An Introduction to R

Download An Introduction to R PDF Online Free

Author :
Publisher : Pelagic Publishing Ltd
ISBN 13 : 1784273392
Total Pages : 311 pages
Book Rating : 4.7/5 (842 download)

DOWNLOAD NOW!


Book Synopsis An Introduction to R by : Mark Gardener

Download or read book An Introduction to R written by Mark Gardener and published by Pelagic Publishing Ltd. This book was released on 2023-05-23 with total page 311 pages. Available in PDF, EPUB and Kindle. Book excerpt: The modern world is awash with data. The R Project is a statistical environment and programming language that can help to make sense of it all. A huge open-source project, R has become enormously popular because of its power and flexibility. With R you can organise, analyse and visualise data. This clear and methodical book will help you learn how to use R from the ground up, giving you a start in the world of data science.
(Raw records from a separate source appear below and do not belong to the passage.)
(* Let $n$ be a positive integer. Then $\mathsf{NAADT}(\mathsf{OMB}_n) = n$. Moreover, $\mathrm{spar}(\mathsf{OMB}_n) = n$ if $n$ is even, and $\mathrm{spar}(\mathsf{OMB}_n) = n+1$ if $n$ is odd.
   Context: $\mathsf{OMB}_n:\{0,1\}^n\to\{0,1\}$ is defined by $\mathsf{OMB}_n(x)=1$ if $\max\{i\in[n]:x_i=0\}$ is odd and $0$ otherwise, with $\mathsf{OMB}_n(1^n)=0$. $\mathsf{AND}_S(x)=\prod_{i\in S}x_i$. $\mathsf{NAADT}(f)$ is the minimum $k$ for which there exist $S_1,\dots,S_k\subseteq[n]$ such that $f(x)$ is determined by $\mathsf{AND}_{S_1}(x),\dots,\mathsf{AND}_{S_k}(x)$ for all $x$. $\mathrm{spar}(f)$ is the number of nonzero coefficients $\widetilde f(S)$ in the unique expansion $f=\sum_{S\subseteq[n]}\widetilde f(S)\mathsf{AND}_S$ with real coefficients. *)

theory Defs
  imports Complex_Main
begin

text \<open>Inputs x in {0,1}^n are modelled as x :: nat => bool, true meaning bit 1,
  with coordinates indexed by [n] = {1..n} and all other coordinates False.\<close>

definition cube :: "nat \<Rightarrow> (nat \<Rightarrow> bool) set" where
  "cube n = {x. \<forall>i. i \<notin> {1..n} \<longrightarrow> \<not> x i}"

definition OMB :: "nat \<Rightarrow> (nat \<Rightarrow> bool) \<Rightarrow> real" where
  "OMB n x = (if (\<exists>i\<in>{1..n}. \<not> x i) \<and> odd (Max {i\<in>{1..n}. \<not> x i}) then 1 else 0)"

definition AND :: "nat set \<Rightarrow> (nat \<Rightarrow> bool) \<Rightarrow> real" where
  "AND S x = (\<Prod>i\<in>S. if x i then 1 else 0)"

definition determined_by :: "nat \<Rightarrow> ((nat \<Rightarrow> bool) \<Rightarrow> real) \<Rightarrow> nat set list \<Rightarrow> bool" where
  "determined_by n f Ss \<longleftrightarrow> set Ss \<subseteq> Pow {1..n} \<and>
     (\<forall>x\<in>cube n. \<forall>y\<in>cube n. (\<forall>S\<in>set Ss. AND S x = AND S y) \<longrightarrow> f x = f y)"

definition NAADT :: "nat \<Rightarrow> ((nat \<Rightarrow> bool) \<Rightarrow> real) \<Rightarrow> nat" where
  "NAADT n f = (LEAST k. \<exists>Ss. length Ss = k \<and> determined_by n f Ss)"

definition and_coeffs :: "nat \<Rightarrow> ((nat \<Rightarrow> bool) \<Rightarrow> real) \<Rightarrow> nat set \<Rightarrow> real" where
  "and_coeffs n f = (THE c. (\<forall>S. S \<notin> Pow {1..n} \<longrightarrow> c S = 0) \<and>
      (\<forall>x\<in>cube n. f x = (\<Sum>S\<in>Pow {1..n}. c S * AND S x)))"

definition spar :: "nat \<Rightarrow> ((nat \<Rightarrow> bool) \<Rightarrow> real) \<Rightarrow> nat" where
  "spar n f = card {S. S \<subseteq> {1..n} \<and> and_coeffs n f S \<noteq> 0}"

end

theory Submission
  imports Defs
begin

(* Let z(x) be the position of the last zero of x, with z(1^n) = 0. Then OMB_n x = [z(x) odd]
   and AND_{k+1..n} x = [z(x) <= k], so the n suffix monomials with k < n determine z and hence
   OMB_n. Conversely, along the chain 0^k 1^(n-k) the value of OMB_n changes at every step, and a
   monomial separating 0^k 1^(n-k) from 0^(k+1) 1^(n-k-1) must have minimum k+1; so n distinct
   monomials are needed. Every function h(z(x)) telescopes into
   sum_{k<n} (h k - h (k+1)) AND_{k+1..n} x + h n, and the AND-expansion is unique (evaluate a
   vanishing expansion at the indicator of a minimal support set). For h = [odd] all n differences
   are nonzero and h n = [n odd]. *)

definition last_zero :: "nat \<Rightarrow> (nat \<Rightarrow> bool) \<Rightarrow> nat" where
  "last_zero n x = (if \<exists>i\<in>{1..n}. \<not> x i then Max {i\<in>{1..n}. \<not> x i} else 0)"

lemma OMB_eq_odd_last_zero: "OMB n x = (if odd (last_zero n x) then 1 else 0)"
  unfolding OMB_def last_zero_def by auto

lemma last_zero_le_iff: "last_zero n x \<le> k \<longleftrightarrow> (\<forall>i\<in>{Suc k..n}. x i)"
proof (cases "\<exists>i\<in>{1..n}. \<not> x i")
  case True
  then have "last_zero n x \<le> k \<longleftrightarrow> (\<forall>i\<in>{i\<in>{1..n}. \<not> x i}. i \<le> k)"
    unfolding last_zero_def using True by (simp only: if_True, subst Max_le_iff) auto
  then show ?thesis by (auto simp: Suc_le_eq) (meson le0 le_less_trans leD)
qed (auto simp: last_zero_def)

lemma last_zero_le: "last_zero n x \<le> n"
  by (simp add: last_zero_le_iff)

lemma last_zero_suffix_indicator:
  assumes "k \<le> n"
  shows "last_zero n (\<lambda>i. i \<in> {Suc k..n}) = k"
proof -
  have "last_zero n (\<lambda>i. i \<in> {Suc k..n}) \<le> j \<longleftrightarrow> k \<le> j" for j
    using assms by (auto simp: last_zero_le_iff not_less_eq_eq[symmetric])
  then show ?thesis by (metis le_antisym le_refl)
qed

lemma AND_eq_all: "finite S \<Longrightarrow> AND S x = (if \<forall>i\<in>S. x i then 1 else 0)"
  unfolding AND_def by (auto simp: prod_zero_iff)

lemma AND_indicator: "finite S \<Longrightarrow> AND S (\<lambda>i. i \<in> A) = (if S \<subseteq> A then 1 else 0)"
  by (auto simp: AND_eq_all)

lemma AND_suffix: "AND {Suc k..n} x = (if last_zero n x \<le> k then 1 else 0)"
  by (simp add: AND_eq_all last_zero_le_iff)

lemma indicator_in_cube: "A \<subseteq> {1..n} \<Longrightarrow> (\<lambda>i. i \<in> A) \<in> cube n"
  unfolding cube_def by auto

lemma AND_expansion_unique:
  fixes c :: "nat set \<Rightarrow> real"
  assumes support: "\<forall>S. S \<notin> Pow {1..n} \<longrightarrow> c S = 0"
    and vanishes: "\<forall>x\<in>cube n. (\<Sum>S\<in>Pow {1..n}. c S * AND S x) = 0"
  shows "c = (\<lambda>_. 0)"
proof (rule ccontr)
  assume "c \<noteq> (\<lambda>_. 0)"
  then obtain S1 where "c S1 \<noteq> 0"
    by auto
  then obtain S0 where S0: "c S0 \<noteq> 0" and minimal: "\<And>S. c S \<noteq> 0 \<Longrightarrow> card S0 \<le> card S"
    using ex_has_least_nat[of "\<lambda>S. c S \<noteq> 0" S1 card] by blast
  have S0_sub: "S0 \<subseteq> {1..n}"
    using support S0 by auto
  then have "finite S0"
    by (rule finite_subset) simp
  then have below_S0: "c S = 0" if "S \<subset> S0" for S
    using minimal psubset_card_mono[OF _ that] by force
  have "AND S (\<lambda>i. i \<in> S0) = (if S \<subseteq> S0 then 1 else 0)" if "S \<subseteq> {1..n}" for S
    using finite_subset[OF that finite_atLeastAtMost] by (rule AND_indicator)
  then have "(\<Sum>S\<in>Pow {1..n}. c S * AND S (\<lambda>i. i \<in> S0)) = (\<Sum>S\<in>Pow S0. c S)"
    using S0_sub by (intro sum.mono_neutral_cong_right) auto
  also have "\<dots> = (\<Sum>S\<in>{S0}. c S)"
    using \<open>finite S0\<close> below_S0 by (intro sum.mono_neutral_right) auto
  finally show False
    using vanishes indicator_in_cube[OF S0_sub] S0 by auto
qed

lemma and_coeffs_eqI:
  assumes support: "\<forall>S. S \<notin> Pow {1..n} \<longrightarrow> c S = 0"
    and expansion: "\<forall>x\<in>cube n. f x = (\<Sum>S\<in>Pow {1..n}. c S * AND S x)"
  shows "and_coeffs n f = c"
  unfolding and_coeffs_def
proof (rule the_equality)
  fix d assume d: "(\<forall>S. S \<notin> Pow {1..n} \<longrightarrow> d S = 0) \<and>
    (\<forall>x\<in>cube n. f x = (\<Sum>S\<in>Pow {1..n}. d S * AND S x))"
  have "(\<lambda>S. d S - c S) = (\<lambda>_. 0)"
  proof (rule AND_expansion_unique)
    show "\<forall>S. S \<notin> Pow {1..n} \<longrightarrow> d S - c S = 0"
      using d support by simp
    show "\<forall>x\<in>cube n. (\<Sum>S\<in>Pow {1..n}. (d S - c S) * AND S x) = 0"
    proof
      fix x assume "x \<in> cube n"
      have "(\<Sum>S\<in>Pow {1..n}. d S * AND S x) = (\<Sum>S\<in>Pow {1..n}. c S * AND S x)"
        using d expansion \<open>x \<in> cube n\<close> by simp
      then show "(\<Sum>S\<in>Pow {1..n}. (d S - c S) * AND S x) = 0"
        by (simp add: left_diff_distrib sum_subtractf)
    qed
  qed
  then show "d = c"
    by (simp add: fun_eq_iff)
qed (use assms in auto)

definition telescoping_coeff :: "nat \<Rightarrow> (nat \<Rightarrow> real) \<Rightarrow> nat \<Rightarrow> real" where
  "telescoping_coeff n h k = (if k < n then h k - h (Suc k) else h n)"

lemma sum_telescoping_coeff:
  assumes "m \<le> n"
  shows "(\<Sum>k=m..n. telescoping_coeff n h k) = h m"
proof -
  have "(\<Sum>k=m..n. telescoping_coeff n h k) = (\<Sum>k=m..<n. h k - h (Suc k)) + h n"
    using assms by (simp add: sum.last_plus telescoping_coeff_def)
  also have "(\<Sum>k=m..<n. h k - h (Suc k)) = - (\<Sum>k=m..<n. h (Suc k) - h k)"
    by (simp add: sum_negf[symmetric])
  finally show ?thesis
    using assms by (simp add: sum_Suc_diff')
qed

(* The suffix {Suc k..n} has n - k elements, so n - card S recovers k. *)
definition suffix_coeffs :: "nat \<Rightarrow> (nat \<Rightarrow> real) \<Rightarrow> nat set \<Rightarrow> real" where
  "suffix_coeffs n h S =
     (if S \<in> (\<lambda>k. {Suc k..n}) ` {..n} then telescoping_coeff n h (n - card S) else 0)"

lemma suffix_coeffs_suffix: "k \<le> n \<Longrightarrow> suffix_coeffs n h {Suc k..n} = telescoping_coeff n h k"
  unfolding suffix_coeffs_def by auto

lemma inj_on_suffix: "inj_on (\<lambda>k. {Suc k..n}) {..n}"
  by (rule inj_onI) (metis atMost_iff card_atLeastAtMost diff_diff_cancel diff_Suc_Suc)

lemma suffix_expansion:
  "(\<Sum>S\<in>Pow {1..n}. suffix_coeffs n h S * AND S x) = h (last_zero n x)"
proof -
  have "(\<Sum>S\<in>Pow {1..n}. suffix_coeffs n h S * AND S x)
      = (\<Sum>S\<in>(\<lambda>k. {Suc k..n}) ` {..n}. suffix_coeffs n h S * AND S x)"
    by (rule sum.mono_neutral_right) (auto simp: suffix_coeffs_def)
  also have "\<dots> = (\<Sum>k\<in>{..n}. if last_zero n x \<le> k then telescoping_coeff n h k else 0)"
    by (auto simp: sum.reindex[OF inj_on_suffix] suffix_coeffs_suffix AND_suffix intro!: sum.cong)
  also have "\<dots> = (\<Sum>k=last_zero n x..n. telescoping_coeff n h k)"
    by (rule sum.mono_neutral_cong_right) auto
  also have "\<dots> = h (last_zero n x)"
    by (rule sum_telescoping_coeff[OF last_zero_le])
  finally show ?thesis .
qed

lemma and_coeffs_function_of_last_zero:
  assumes "\<forall>x\<in>cube n. f x = h (last_zero n x)"
  shows "and_coeffs n f = suffix_coeffs n h"
proof (rule and_coeffs_eqI)
  show "\<forall>S. S \<notin> Pow {1..n} \<longrightarrow> suffix_coeffs n h S = 0"
    by (auto simp: suffix_coeffs_def)
  show "\<forall>x\<in>cube n. f x = (\<Sum>S\<in>Pow {1..n}. suffix_coeffs n h S * AND S x)"
    using assms by (simp only: suffix_expansion)
qed

lemma spar_function_of_last_zero:
  assumes "\<forall>x\<in>cube n. f x = h (last_zero n x)"
  shows "spar n f = card {k. k \<le> n \<and> telescoping_coeff n h k \<noteq> 0}"
proof -
  have "{S. S \<subseteq> {1..n} \<and> suffix_coeffs n h S \<noteq> 0}
      = (\<lambda>k. {Suc k..n}) ` {k. k \<le> n \<and> telescoping_coeff n h k \<noteq> 0}"
    by (auto simp: suffix_coeffs_def)
  moreover have "inj_on (\<lambda>k. {Suc k..n}) {k. k \<le> n \<and> telescoping_coeff n h k \<noteq> 0}"
    by (rule inj_on_subset[OF inj_on_suffix]) auto
  ultimately show ?thesis
    unfolding spar_def and_coeffs_function_of_last_zero[OF assms] by (simp add: card_image)
qed

lemma determined_by_suffixes:
  assumes "\<forall>x\<in>cube n. f x = h (last_zero n x)"
  shows "determined_by n f (map (\<lambda>k. {Suc k..n}) [0..<n])"
  unfolding determined_by_def
proof (intro conjI ballI impI)
  show "set (map (\<lambda>k. {Suc k..n}) [0..<n]) \<subseteq> Pow {1..n}"
    by auto
  fix x y
  assume x: "x \<in> cube n" and y: "y \<in> cube n"
    and agree: "\<forall>S\<in>set (map (\<lambda>k. {Suc k..n}) [0..<n]). AND S x = AND S y"
  have "last_zero n x \<le> k \<longleftrightarrow> last_zero n y \<le> k" for k
  proof (cases "k < n")
    case True
    then have "AND {Suc k..n} x = AND {Suc k..n} y"
      using agree by simp
    then show ?thesis
      by (simp add: AND_suffix split: if_splits)
  next
    case False
    then show ?thesis
      using last_zero_le[of n x] last_zero_le[of n y] by simp
  qed
  then have "last_zero n x = last_zero n y"
    by (metis le_antisym le_refl)
  then show "f x = f y"
    using assms x y by simp
qed

lemma length_ge_if_flips_along_suffixes:
  assumes det: "determined_by n f Ss"
    and flips: "\<And>k. k < n \<Longrightarrow> f (\<lambda>i. i \<in> {Suc k..n}) \<noteq> f (\<lambda>i. i \<in> {Suc (Suc k)..n})"
  shows "n \<le> length Ss"
proof -
  have "Suc k \<in> Min ` set Ss" if k: "k < n" for k
  proof -
    have "(\<lambda>i. i \<in> {Suc k..n}) \<in> cube n" "(\<lambda>i. i \<in> {Suc (Suc k)..n}) \<in> cube n"
      by (rule indicator_in_cube, force)+
    then obtain S where S: "S \<in> set Ss"
      and separates: "AND S (\<lambda>i. i \<in> {Suc k..n}) \<noteq> AND S (\<lambda>i. i \<in> {Suc (Suc k)..n})"
      using det flips[OF k] unfolding determined_by_def by blast
    have "S \<subseteq> {1..n}"
      using S det unfolding determined_by_def by auto
    then have "finite S"
      by (rule finite_subset) simp
    then have in_suffix: "S \<subseteq> {Suc k..n}" and "\<not> S \<subseteq> {Suc (Suc k)..n}"
      using separates unfolding AND_indicator[OF \<open>finite S\<close>] by (auto split: if_splits)
    then obtain i where "i \<in> S" and "i \<notin> {Suc (Suc k)..n}"
      by blast
    then have "Suc k \<in> S"
      using in_suffix by (metis atLeastAtMost_iff le_antisym not_less_eq_eq subsetD)
    then have "Min S = Suc k"
      using \<open>finite S\<close> in_suffix by (intro Min_eqI) auto
    then show ?thesis
      using S by force
  qed
  then have "Suc ` {..<n} \<subseteq> Min ` set Ss"
    by auto
  then have "card (Suc ` {..<n}) \<le> card (Min ` set Ss)"
    by (intro card_mono) auto
  also have "\<dots> \<le> length Ss"
    using card_image_le card_length le_trans by blast
  finally show ?thesis
    by (simp add: card_image)
qed

lemma NAADT_eqI:
  assumes "determined_by n f Ss"
    and "\<And>Ts. determined_by n f Ts \<Longrightarrow> length Ss \<le> length Ts"
  shows "NAADT n f = length Ss"
  unfolding NAADT_def by (rule Least_equality) (use assms in auto)

lemma NAADT_OMB: "NAADT n (OMB n) = n"
proof -
  have OMB_suffix: "OMB n (\<lambda>i. i \<in> {Suc k..n}) = (if odd k then 1 else 0)" if "k \<le> n" for k
    by (simp only: OMB_eq_odd_last_zero last_zero_suffix_indicator[OF that])
  have "NAADT n (OMB n) = length (map (\<lambda>k. {Suc k..n}) [0..<n])"
  proof (rule NAADT_eqI)
    show "determined_by n (OMB n) (map (\<lambda>k. {Suc k..n}) [0..<n])"
      by (rule determined_by_suffixes[where h = "\<lambda>k. if odd k then 1 else 0"])
        (simp add: OMB_eq_odd_last_zero)
    show "length (map (\<lambda>k. {Suc k..n}) [0..<n]) \<le> length Ts" if "determined_by n (OMB n) Ts" for Ts
      using length_ge_if_flips_along_suffixes[OF that] OMB_suffix by simp
  qed
  then show ?thesis
    by simp
qed

lemma spar_OMB: "spar n (OMB n) = (if odd n then n + 1 else n)"
proof -
  let ?h = "\<lambda>k. if odd k then 1 else 0 :: real"
  have "\<forall>x\<in>cube n. OMB n x = ?h (last_zero n x)"
    by (simp add: OMB_eq_odd_last_zero)
  then have "spar n (OMB n) = card {k. k \<le> n \<and> telescoping_coeff n ?h k \<noteq> 0}"
    by (rule spar_function_of_last_zero)
  also have "{k. k \<le> n \<and> telescoping_coeff n ?h k \<noteq> 0} = (if odd n then {..n} else {..<n})"
    by (auto simp: telescoping_coeff_def)
  finally show ?thesis
    by simp
qed

theorem claim4p6:
  fixes n :: nat
  assumes "n \<ge> 1"
  shows "NAADT n (OMB n) = n \<and>
         (even n \<longrightarrow> spar n (OMB n) = n) \<and>
         (odd n \<longrightarrow> spar n (OMB n) = n + 1)"
  by (simp add: NAADT_OMB spar_OMB)

end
Learning about data is important in many academic and business settings, and R offers a potent and adaptable programming toolbox. The book covers a range of topics, including: importing/exporting data, summarising data, visualising data, managing and manipulating data objects, data analysis (regression, ANOVA and association among others) and programming functions. Regardless of your background or specialty, you'll find this book the perfect primer on data analysis, data visualisation and data management, and a springboard for further exploration.